In the records below, find the line that contains "U] by linarith" and the line that contains "S j \<subseteq>", then retype exactly those two lines and every line between them.

....................

(* Let $T:\mathbb{R}^n\to\mathbb{R}^m$ and $S:\mathbb{R}^m\to\mathbb{R}^k$ be linear maps and $1\le p\le\infty$. Then $\|ST\|_p\le\sigma_1(T)\|S\|_p$. Moreover, if $S$ is injective and $p<\infty$, then equality holds if and only if $\sigma_1(T)=\sigma_m(T)$.
   Context: For a linear map $A:\mathbb{R}^a\to\mathbb{R}^b$ (Euclidean norms), its singular values are $\sigma_i(A)=\max\{\min\{|Au|:u\in U,|u|=1\}:U\subseteq\mathbb{R}^a,\ \dim U=i\}$ for $1\le i\le a$, and $\sigma_i(A)=0$ for $i>a$; thus $\sigma_1(A)\ge\sigma_2(A)\ge\cdots\ge0$ (equivalently, the singular values from a singular value decomposition, padded with zeros). The Schatten $p$-norm is $\|A\|_p=(\sum_i\sigma_i(A)^p)^{1/p}$ for $1\le p<\infty$, and $\|A\|_\infty=\sigma_1(A)$. *)

theory Defs
  imports "HOL-Analysis.Analysis"
begin

text \<open>Singular values of a linear map A between Euclidean spaces, via the
  max-min characterisation: for 1 <= i <= dim of the domain,
  sigma_i(A) = max over i-dimensional subspaces U of min of |A u| over unit u in U;
  sigma_i(A) = 0 otherwise (in particular for i > dim of the domain).
  The max and min are attained (compactness), so Sup and Inf are used.\<close>
definition singular_value :: "('a::euclidean_space \<Rightarrow> 'b::real_normed_vector) \<Rightarrow> nat \<Rightarrow> real" where
  "singular_value A i =
     (if 1 \<le> i \<and> i \<le> DIM('a)
      then Sup {Inf {norm (A u) | u. u \<in> U \<and> norm u = 1} | U. subspace U \<and> dim U = i}
      else 0)"

text \<open>Schatten p-norm, 1 <= p <= infinity (p as an extended real).  For finite p the
  sum over all i reduces to i = 1..DIM of the domain since the others vanish.\<close>
definition schatten_norm :: "ereal \<Rightarrow> ('a::euclidean_space \<Rightarrow> 'b::real_normed_vector) \<Rightarrow> real" where
  "schatten_norm p A =
     (if p = \<infinity> then singular_value A 1
      else (\<Sum>i = 1..DIM('a). singular_value A i powr real_of_ereal p) powr (1 / real_of_ereal p))"

end

theory Submission
  imports Defs
begin

text \<open>Every \<open>i\<close>-dimensional subspace \<open>U\<close> contains a unit vector \<open>u\<close> that \<open>T\<close> maps into a subspace of
  codimension less than \<open>i\<close> on which \<open>\<parallel>S y\<parallel> \<le> \<sigma>\<^sub>i(S) \<parallel>y\<parallel>\<close>, so \<open>\<sigma>\<^sub>i(S T) \<le> \<sigma>\<^sub>1(T) \<sigma>\<^sub>i(S)\<close> for every \<open>i\<close>;
  summing \<open>p\<close>-th powers gives the inequality, and for \<open>p < \<infinity>\<close> equality holds iff it holds termwise.
  If \<open>\<sigma>\<^sub>1(T) = \<sigma>\<^sub>m(T) = c\<close>, then \<open>T T\<^sup>* = c\<^sup>2 I\<close> and \<open>T\<^sup>*\<close> carries the subspaces realising \<open>\<sigma>\<^sub>i(S)\<close> to
  subspaces on which \<open>\<parallel>S T u\<parallel> \<ge> c \<sigma>\<^sub>i(S) \<parallel>u\<parallel>\<close>. Conversely, computing the Frobenius norm of \<open>S T\<close> in a
  singular basis \<open>w\<close> of \<open>S\<close> turns termwise equality into \<open>\<Sum>\<^sub>l \<parallel>S w\<^sub>l\<parallel>\<^sup>2 (c\<^sup>2 - \<parallel>T\<^sup>* w\<^sub>l\<parallel>\<^sup>2) = 0\<close>;
  injectivity of \<open>S\<close> makes every weight positive, so \<open>\<parallel>T\<^sup>* w\<^sub>l\<parallel> = c\<close>, whence again \<open>T T\<^sup>* = c\<^sup>2 I\<close> and
  \<open>\<sigma>\<^sub>m(T) \<ge> c\<close>. Singular bases are built by maximising \<open>\<parallel>A x\<parallel>\<close> on successively smaller unit spheres,
  and the max-min definition is matched with \<open>\<parallel>A v\<^sub>i\<parallel>\<close> as in the Courant-Fischer theorem.\<close>

section \<open>Singular values\<close>

lemma exists_unit_vector_in_subspace:
  fixes U :: "'a::euclidean_space set"
  assumes "subspace U" and "0 < dim U"
  shows "\<exists>u\<in>U. norm u = 1"
proof -
  have "\<not> U \<subseteq> {0}" using assms(2) dim_eq_0[of U] by linarith
  then obtain x where "x \<in> U" "x \<noteq> 0" by blast
  then show ?thesis
    using assms(1) by (intro bexI[of _ "x /\<^sub>R norm x"]) (simp_all add: subspace_scale)
qed
section \<open>The order-theoretic argument\<close>

text \<open>The supports of a stationary measure are the
  intended instance.\<close>
locale ordered_system =
  fixes N :: nat and P :: "nat \<Rightarrow> nat \<Rightarrow> real" and g :: "nat \<Rightarrow> real \<Rightarrow> real"
    and S :: "nat \<Rightarrow> real set" and a b :: "nat \<Rightarrow> real"
  assumes cont: "\<And>i. i \<in> {1..N} \<Longrightarrow> continuous_on {0..1} (g i)"
    and mono: "\<And>i. i \<in> {1..N} \<Longrightarrow> mono_on {0..1} (g i)"
    and maps_unit: "\<And>i. i \<in> {1..N} \<Longrightarrow> g i ` {0..1} \<subseteq> {0..1}"
    and S_unit: "\<And>j. j \<in> {1..N} \<Longrightarrow> S j \<subseteq> {0..1}"
    and S_step: "\<And>i j. i \<in> {1..N} \<Longrightarrow> j \<in> {1..N} \<Longrightarrow> P i j > 0 \<Longrightarrow> g i ` S i \<subseteq> S j"
    and min_in: "\<And>j. j \<in> {1..N} \<Longrightarrow> a j \<in> S j"
    and min_le: "\<And>j x. j \<in> {1..N} \<Longrightarrow> x \<in> S j \<Longrightarrow> a j \<le> x"
    and max_in: "\<And>j. j \<in> {1..N} \<Longrightarrow> b j \<in> S j"
    and max_ge: "\<And>j x. j \<in> {1..N} \<Longrightarrow> x \<in> S j \<Longrightarrow> x \<le> b j"
    and connected: "\<And>i j. i \<in> {1..N} \<Longrightarrow> j \<in> {1..N} \<Longrightarrow> \<exists>G. adm_comp N P g i j G"
begin

lemma comp_props:
  assumes "adm_comp N P g i j G"
  shows "G ` {0..1} \<subseteq> {0..1}" "mono_on {0..1} G" "G ` S i \<subseteq> S j"
proof -
  have "G ` {0..1} \<subseteq> {0..1} \<and> mono_on {0..1} G \<and> G ` S i \<subseteq> S j"
    using assms
  proof (induction rule: adm_comp_induct)
    case (single j)
    then show ?case using maps_unit mono S_step by blast
  next
    case (snoc l j G)
    have "(g l \<circ> G) ` {0..1} \<subseteq> {0..1}" using snoc.IH maps_unit[OF snoc.hyps(2)]
      by (auto simp: image_comp[symmetric])
    moreover have "mono_on {0..1} (g l \<circ> G)"
    proof (rule mono_onI)
      fix r s :: real assume "r \<in> {0..1}" "s \<in> {0..1}" "r \<le> s"
      then have "G r \<le> G s" "G r \<in> {0..1}" "G s \<in> {0..1}"
        using snoc.IH mono_onD by blast+
      then show "(g l \<circ> G) r \<le> (g l \<circ> G) s" using mono_onD[OF mono[OF snoc.hyps(2)]] by simp
    qed
    moreover have "(g l \<circ> G) ` S i \<subseteq> S j"
      using image_mono[of "G ` S i" "S l" "g l"] snoc.IH S_step[OF snoc.hyps(2-4)]
      by (simp add: image_comp)
    ultimately show ?case by blast
  qed
  then show "G ` {0..1} \<subseteq> {0..1}" "mono_on {0..1} G" "G ` S i \<subseteq> S j" by blast+
qed

definition orbit :: "nat \<Rightarrow> nat \<Rightarrow> real set" where
  "orbit k j = {G (b k) | G. adm_comp N P g k j G}"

....................

■ Answer box:
  have "\<not> U \<subseteq> {0}" using assms(2) dim_eq_0[of U] by linarith
  then obtain x where "x \<in> U" "x \<noteq> 0" by blast
  then show ?thesis
    using assms(1) by (intro bexI[of _ "x /\<^sub>R norm x"]) (simp_all add: subspace_scale)
qed
section \<open>The order-theoretic argument\<close>

text \<open>The supports of a stationary measure are the
  intended instance.\<close>
locale ordered_system =
  fixes N :: nat and P :: "nat \<Rightarrow> nat \<Rightarrow> real" and g :: "nat \<Rightarrow> real \<Rightarrow> real"
    and S :: "nat \<Rightarrow> real set" and a b :: "nat \<Rightarrow> real"
  assumes cont: "\<And>i. i \<in> {1..N} \<Longrightarrow> continuous_on {0..1} (g i)"
    and mono: "\<And>i. i \<in> {1..N} \<Longrightarrow> mono_on {0..1} (g i)"
    and maps_unit: "\<And>i. i \<in> {1..N} \<Longrightarrow> g i ` {0..1} \<subseteq> {0..1}"
    and S_unit: "\<And>j. j \<in> {1..N} \<Longrightarrow> S j \<subseteq> {0..1}"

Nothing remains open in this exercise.